→ TASK ITEM
Lines from the line with "list \<times> ((nat" to the line with "- int (card" in the entries below, and only those, must be output exactly, with both ends included.

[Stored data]
(* Let $\beta\in B_n$ with $\kappa(\beta)<\infty$. Then the length of the spectral sequence from the annular Khovanov homology of $\bar\beta$ to the Khovanov homology of $\bar\beta$ (i.e. the least $r$ such that $E^r=E^\infty$) is bounded below by $\kappa(\beta)$.
   Context: Work over $\mathbb{Z}/2$ with the Khovanov chain complex $\mathrm{CKh}(\bar\beta)$ of the braid closure (cube of resolutions, circles labeled $v_\pm$, Khovanov's differential). A circle of a resolution is nontrivial if it winds an odd number of times around the braid axis. The $k$-grading of a generator is (nontrivial circles labeled $v_+$) minus (nontrivial circles labeled $v_-$); the differential does not increase $k$, and $\mathcal{F}_i=\mathrm{span}\{x:k(x)\le i\}$ is a bounded filtration whose spectral sequence has $E^1$ page the annular Khovanov homology and converges to $\mathrm{Kh}(\bar\beta)$. $\psi(\bar\beta)$ labels all $n$ circles of the braidlike resolution ($0$-resolve positive, $1$-resolve negative crossings) by $v_-$. $\kappa(\beta)=n+\min\{i:\psi(\bar\beta)=dy,\ y\in\mathcal{F}_i\}$ if $\psi(\bar\beta)$ is a boundary, and $\infty$ otherwise. *)

theory Defs
  imports Main "HOL-Library.FuncSet"
begin

text \<open>A braid word in B_n is a list of letters (i, pos) with 1 <= i < n; the letter
  (i, True) is the Artin generator sigma_i (a positive crossing of the closure), the
  letter (i, False) is its inverse (a negative crossing).  Strand positions are
  0-indexed 0..n-1, so sigma_i acts on positions i-1 and i.\<close>

definition braid_word :: "nat \<Rightarrow> (nat \<times> bool) list \<Rightarrow> bool" where
  "braid_word n w \<longleftrightarrow> n \<ge> 1 \<and> (\<forall>c\<in>set w. 1 \<le> fst c \<and> fst c < n)"

text \<open>Nodes of the diagram: (j, l) is the point of position j at level l, where crossing
  number k sits between levels k and k+1, and level (length w) is glued to level 0 by
  the braid closure.\<close>

definition nodes :: "nat \<Rightarrow> nat \<Rightarrow> (nat \<times> nat) set" where
  "nodes n c = {(j, l). j < n \<and> l \<le> c}"

text \<open>A resolution is a bool list s (False = 0-resolution, True = 1-resolution).
  With Khovanov's convention, the 0-resolution of a positive crossing and the
  1-resolution of a negative crossing are the braidlike (oriented) ones; i.e. crossing k
  is resolved braidlike iff s!k differs from its sign.\<close>

definition res_edges :: "nat \<Rightarrow> (nat \<times> bool) list \<Rightarrow> bool list \<Rightarrow> ((nat \<times> nat) \<times> (nat \<times> nat)) set" where
  "res_edges n w s =
     {((j, length w), (j, 0)) | j. j < n}
   \<union> {((j, k), (j, Suc k)) | j k. k < length w \<and> j < n \<and> j \<noteq> fst (w!k) - 1 \<and> j \<noteq> fst (w!k)}
   \<union> {((j, k), (j, Suc k)) | j k. k < length w \<and> s!k \<noteq> snd (w!k) \<and> (j = fst (w!k) - 1 \<or> j = fst (w!k))}
   \<union> {((fst (w!k) - 1, l), (fst (w!k), l)) | k l. k < length w \<and> s!k = snd (w!k) \<and> (l = k \<or> l = Suc k)}"

definition comp_rel :: "nat \<Rightarrow> (nat \<times> bool) list \<Rightarrow> bool list \<Rightarrow> ((nat \<times> nat) \<times> (nat \<times> nat)) set" where
  "comp_rel n w s = (res_edges n w s \<union> converse (res_edges n w s))\<^sup>* \<inter> (nodes n (length w) \<times> nodes n (length w))"

definition circles :: "nat \<Rightarrow> (nat \<times> bool) list \<Rightarrow> bool list \<Rightarrow> (nat \<times> nat) set set" where
  "circles n w s = nodes n (length w) // comp_rel n w s"

text \<open>Level 0 is a meridional half-plane page bounded by the braid axis, met transversally;
  a circle winds an odd number of times around the axis iff it meets it an odd number of
  times.\<close>
definition nontrivial :: "(nat \<times> nat) set \<Rightarrow> bool" where
  "nontrivial C \<longleftrightarrow> odd (card {j. (j, 0) \<in> C})"

text \<open>A generator: a resolution together with a labelling of its circles
  (True = v_plus, False = v_minus).\<close>
type_synonym gen = "bool list \<times> ((nat \<times> nat) set \<Rightarrow> bool)"

definition gens :: "nat \<Rightarrow> (nat \<times> bool) list \<Rightarrow> gen set" where
  "gens n w = {(s, L). length s = length w \<and> L \<in> PiE (circles n w s) (\<lambda>_. UNIV)}"

definition kgr :: "nat \<Rightarrow> (nat \<times> bool) list \<Rightarrow> gen \<Rightarrow> int" where
  "kgr n w x = int (card {C \<in> circles n w (fst x). nontrivial C \<and> snd x C})
             - int (card {C \<in> circles n w (fst x). nontrivial C \<and> \<not> snd x C})"

text \<open>Coefficient (in Z/2) of generator y in Khovanov's differential of generator x:
  edge maps are the merge m(v+ v+) = v+, m(v+ v-) = m(v- v+) = v-, m(v- v-) = 0 and the
  split D(v+) = v+ v- + v- v+, D(v-) = v- v-, identity on untouched circles.\<close>
definition coef :: "nat \<Rightarrow> (nat \<times> bool) list \<Rightarrow> gen \<Rightarrow> gen \<Rightarrow> bool" where
  "coef n w x y \<longleftrightarrow>
     (\<exists>k < length w. fst x ! k = False \<and> fst y = (fst x)[k := True] \<and>
       (let A = circles n w (fst x) - circles n w (fst y);
            B = circles n w (fst y) - circles n w (fst x) in
        (\<forall>C \<in> circles n w (fst x) \<inter> circles n w (fst y). snd y C = snd x C) \<and>
        ((card A = 2 \<and> card B = 1 \<and>
            (\<exists>C\<in>A. snd x C) \<and> (\<forall>D\<in>B. snd y D \<longleftrightarrow> (\<forall>C\<in>A. snd x C)))
         \<or> (card A = 1 \<and> card B = 2 \<and>
            (\<forall>C\<in>A. card {D \<in> B. \<not> snd y D} = (if snd x C then 1 else 2))))))"

text \<open>Chains are finite subsets of the generators (Z/2-linear combinations); addition is
  symmetric difference.\<close>
definition chadd :: "gen set \<Rightarrow> gen set \<Rightarrow> gen set" where
  "chadd X Y = (X - Y) \<union> (Y - X)"

definition dchain :: "nat \<Rightarrow> (nat \<times> bool) list \<Rightarrow> gen set \<Rightarrow> gen set" where
  "dchain n w X = {y \<in> gens n w. odd (card {x \<in> X. coef n w x y})}"

definition chains :: "nat \<Rightarrow> (nat \<times> bool) list \<Rightarrow> gen set set" where
  "chains n w = Pow (gens n w)"

definition filt :: "nat \<Rightarrow> (nat \<times> bool) list \<Rightarrow> int \<Rightarrow> gen set set" where
  "filt n w i = {X. X \<subseteq> gens n w \<and> (\<forall>x\<in>X. kgr n w x \<le> i)}"

definition braidlike_res :: "(nat \<times> bool) list \<Rightarrow> bool list" where
  "braidlike_res w = map (\<lambda>c. \<not> snd c) w"

definition psi :: "nat \<Rightarrow> (nat \<times> bool) list \<Rightarrow> gen set" where
  "psi n w = {(braidlike_res w, restrict (\<lambda>_. False) (circles n w (braidlike_res w)))}"

text \<open>kappa, with None standing for infinity.\<close>
definition kappa :: "nat \<Rightarrow> (nat \<times> bool) list \<Rightarrow> int option" where
  "kappa n w = (if \<exists>y \<in> chains n w. dchain n w y = psi n w
                then Some (int n + (LEAST i. \<exists>y \<in> filt n w i. dchain n w y = psi n w))
                else None)"

definition Zr :: "nat \<Rightarrow> (nat \<times> bool) list \<Rightarrow> nat \<Rightarrow> int \<Rightarrow> gen set set" where
  "Zr n w r p = {X \<in> filt n w p. dchain n w X \<in> filt n w (p - int r)}"

definition Br :: "nat \<Rightarrow> (nat \<times> bool) list \<Rightarrow> nat \<Rightarrow> int \<Rightarrow> gen set set" where
  "Br n w r p = {chadd X (dchain n w Y) | X Y.
                   X \<in> Zr n w (r - 1) (p - 1) \<and> Y \<in> Zr n w (r - 1) (p + int r - 1)}"

definition page :: "nat \<Rightarrow> (nat \<times> bool) list \<Rightarrow> nat \<Rightarrow> int \<Rightarrow> gen set set set" where
  "page n w r p = Zr n w r p //
     {(X, Y). X \<in> Zr n w r p \<and> Y \<in> Zr n w r p \<and> chadd X Y \<in> Br n w r p}"

definition Zinf :: "nat \<Rightarrow> (nat \<times> bool) list \<Rightarrow> int \<Rightarrow> gen set set" where
  "Zinf n w p = {X \<in> filt n w p. dchain n w X = {}}"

→ RESPONSE TO THE EXERCISE
type_synonym gen = "bool list \<times> ((nat \<times> nat) set \<Rightarrow> bool)"

definition gens :: "nat \<Rightarrow> (nat \<times> bool) list \<Rightarrow> gen set" where
  "gens n w = {(s, L). length s = length w \<and> L \<in> PiE (circles n w s) (\<lambda>_. UNIV)}"

definition kgr :: "nat \<Rightarrow> (nat \<times> bool) list \<Rightarrow> gen \<Rightarrow> int" where
  "kgr n w x = int (card {C \<in> circles n w (fst x). nontrivial C \<and> snd x C})
             - int (card {C \<in> circles n w (fst x). nontrivial C \<and> \<not> snd x C})"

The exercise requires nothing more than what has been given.